『名画のひみつがぜんぶわかる! すごすぎる絵画の図鑑』 (著:青い日記帳、監修:川瀬佑介/KADOKAWA)第5回【全5回】
ダ・ヴィンチの『モナ・リザ』や葛飾北斎の『神奈川沖浪裏』、ゴッホの『ひまわり』といえば、誰もが知っている「名画」ですよね? でも、「名画がなぜ名画と呼ばれるのか?」は、意外に知られていないかもしれません。 「名画とは、その時代に誰も知らなかった方法やテーマで世の中を驚かせた作品を意味します」と話すのは、1年に300以上の美術展に足を運び、ブログやSNSでレビューを行う青い日記帳さん。 その著書『名画のひみつがぜんぶわかる! すごすぎる絵画の図鑑』(KADOKAWA)は、青い日記帳さんの解説とともに、時代背景や画家の知られざるエピソードをふまえて名画をじっくり楽しめる1冊です。
※本記事は著/青い日記帳、監修/川瀬佑介の書籍『名画のひみつがぜんぶわかる! すごすぎる絵画の図鑑』から一部抜粋・編集しました。
ドラマチックな人生だから描けた、ゴッホ『ひまわり』
死後有名になった画家の一人が、フィンセント・ファン・ゴッホです。
有名になった理由の一つがドラマチックな人生にあります。失恋して生涯独身、職を転々とした後に画家になり、絵画制作をがんばったものの精神を病み、死んでしまう。今では有名な画家ですが、気性が激しいために波瀾万丈な生涯を送りました。
そんなゴッホの代表作が、7点描かれた『ひまわり』です。精神を病んで、光あふれる南仏へ移住後、画家仲間との共同生活を計画していたゴッホ。後から来る仲間の到着を待ちながら、幸せな気持ちで描いたのが『ひまわり』でした。暗い色調の作品も多いゴッホですが、この作品は当時の幸せな気持ちを表すように明るい色合いです。しかし共同生活はうまくいかず、ゴッホは耳を切り落とす事件を起こしてしまう。それを知ると悲しい絵にも見えます。
つらいことが多くありながらも絵画を描き続けたゴッホの絵は、現在では数十億円もの高値で取引されるようになりました。
ゴッホの幸せな気持ちがあふれた名作
7作の中でもゴッホお気に入りの一枚
7つの作品の中でも最も有名な作品で、15本のひまわりが描かれています。共同生活していたゴーギャンも欲しがりましたが、ゴッホ自身も最も気に入っていて手元に置いていました。
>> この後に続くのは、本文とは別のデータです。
lemma isomorphic_if_bijective_relation:
  assumes dom: "fst ` U = D1" and ran: "snd ` U = D2"
    and iso: "\<And>a b a' b'. (a, b) \<in> U \<Longrightarrow> (a', b') \<in> U \<Longrightarrow> (a = a' \<longleftrightarrow> b = b') \<and> (R1 a a' \<longleftrightarrow> R2 b b')"
  shows "isomorphic D1 R1 D2 R2"
proof -
  define f where "f a = (SOME b. (a, b) \<in> U)" for a
  have f: "(a, f a) \<in> U" if "a \<in> D1" for a
    using that dom unfolding f_def by (metis (mono_tags, lifting) image_iff prod.collapse someI)
  have "bij_betw f D1 D2"
  proof (rule bij_betw_imageI)
    show "inj_on f D1" using iso f by (metis inj_onI)
    show "f ` D1 = D2"
    proof
      show "f ` D1 \<subseteq> D2" using f ran by force
      show "D2 \<subseteq> f ` D1"
      proof
        fix b assume "b \<in> D2"
        then obtain a where ab: "(a, b) \<in> U" using ran by force
        then have "a \<in> D1" using dom by force
        then show "b \<in> f ` D1" using iso[OF f ab] by auto
      qed
    qed
  qed
  moreover have "\<forall>x\<in>D1. \<forall>y\<in>D1. R1 x y \<longleftrightarrow> R2 (f x) (f y)" using iso f by blast
  ultimately show ?thesis unfolding isomorphic_def by blast
qed

lemma back_and_forth_chain:
  fixes S :: "('a \<times> 'b) set \<Rightarrow> bool" and f :: "nat \<Rightarrow> 'a" and g :: "nat \<Rightarrow> 'b"
  assumes S_empty: "S {}"
    and extend_dom: "\<And>P n. S P \<Longrightarrow> \<exists>b. S (insert (f n, b) P)"
    and extend_ran: "\<And>P n. S P \<Longrightarrow> \<exists>a. S (insert (a, g n) P)"
  obtains C where "\<And>n. S (C n)" and "\<And>m n. m \<le> n \<Longrightarrow> C m \<subseteq> C n"
    and "\<And>n. f n \<in> fst ` C (Suc n)" and "\<And>n. g n \<in> snd ` C (Suc n)"
proof -
  have step: "\<exists>Q. S Q \<and> P \<subseteq> Q \<and> f n \<in> fst ` Q \<and> g n \<in> snd ` Q" if SP: "S P" for P n
  proof -
    obtain b where "S (insert (f n, b) P)" using extend_dom[OF SP] by blast
    moreover obtain a where "S (insert (a, g n) (insert (f n, b) P))"
      using extend_ran[OF calculation] by blast
    ultimately show ?thesis by (intro exI[of _ "insert (a, g n) (insert (f n, b) P)"]) force
  qed
  define C where "C = rec_nat {} (\<lambda>n P. SOME Q. S Q \<and> P \<subseteq> Q \<and> f n \<in> fst ` Q \<and> g n \<in> snd ` Q)"
  have C_Suc: "C (Suc n) = (SOME Q. S Q \<and> C n \<subseteq> Q \<and> f n \<in> fst ` Q \<and> g n \<in> snd ` Q)" for n
    by (simp add: C_def)
  have S_C: "S (C n)" for n
  proof (induction n)
    case 0
    then show ?case by (simp add: C_def S_empty)
  next
    case (Suc n)
    show ?case unfolding C_Suc using someI_ex[OF step[of "C n" n, OF Suc.IH]] by blast
  qed
  have C_step: "C n \<subseteq> C (Suc n) \<and> f n \<in> fst ` C (Suc n) \<and> g n \<in> snd ` C (Suc n)" for n
    unfolding C_Suc using someI_ex[OF step[of "C n" n, OF S_C]] by blast
  have "C m \<subseteq> C n" if "m \<le> n" for m n
    using lift_Suc_mono_le[of C, OF _ that] C_step by blast
  then show thesis using that S_C C_step by blast
qed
『ひまわり』1888年/ロンドン・ナショナル・ギャラリー(イギリス、ロンドン)
薄いブルーの背景が美しい第一作目
ゴッホ本人も満足していたよい出来だったとされる作品。
『ひまわり』1888年/ノイエ·ピナコテーク(ドイツ、ミュンヘン)
ゴッホのひまわりは日本にもある
1987年にオークションで落札されて日本に来た、身近な作品です。
『ひまわり』1888年/ SOMPO美術館(日本、東京)
【豆知識】
SOMPO美術館所蔵の『ひまわり』は、1987年に約58億円で落札されたものです。当時のオークション史上最高額であり、1枚の絵の売買価格としても最高額だったため、大きな話題となりました。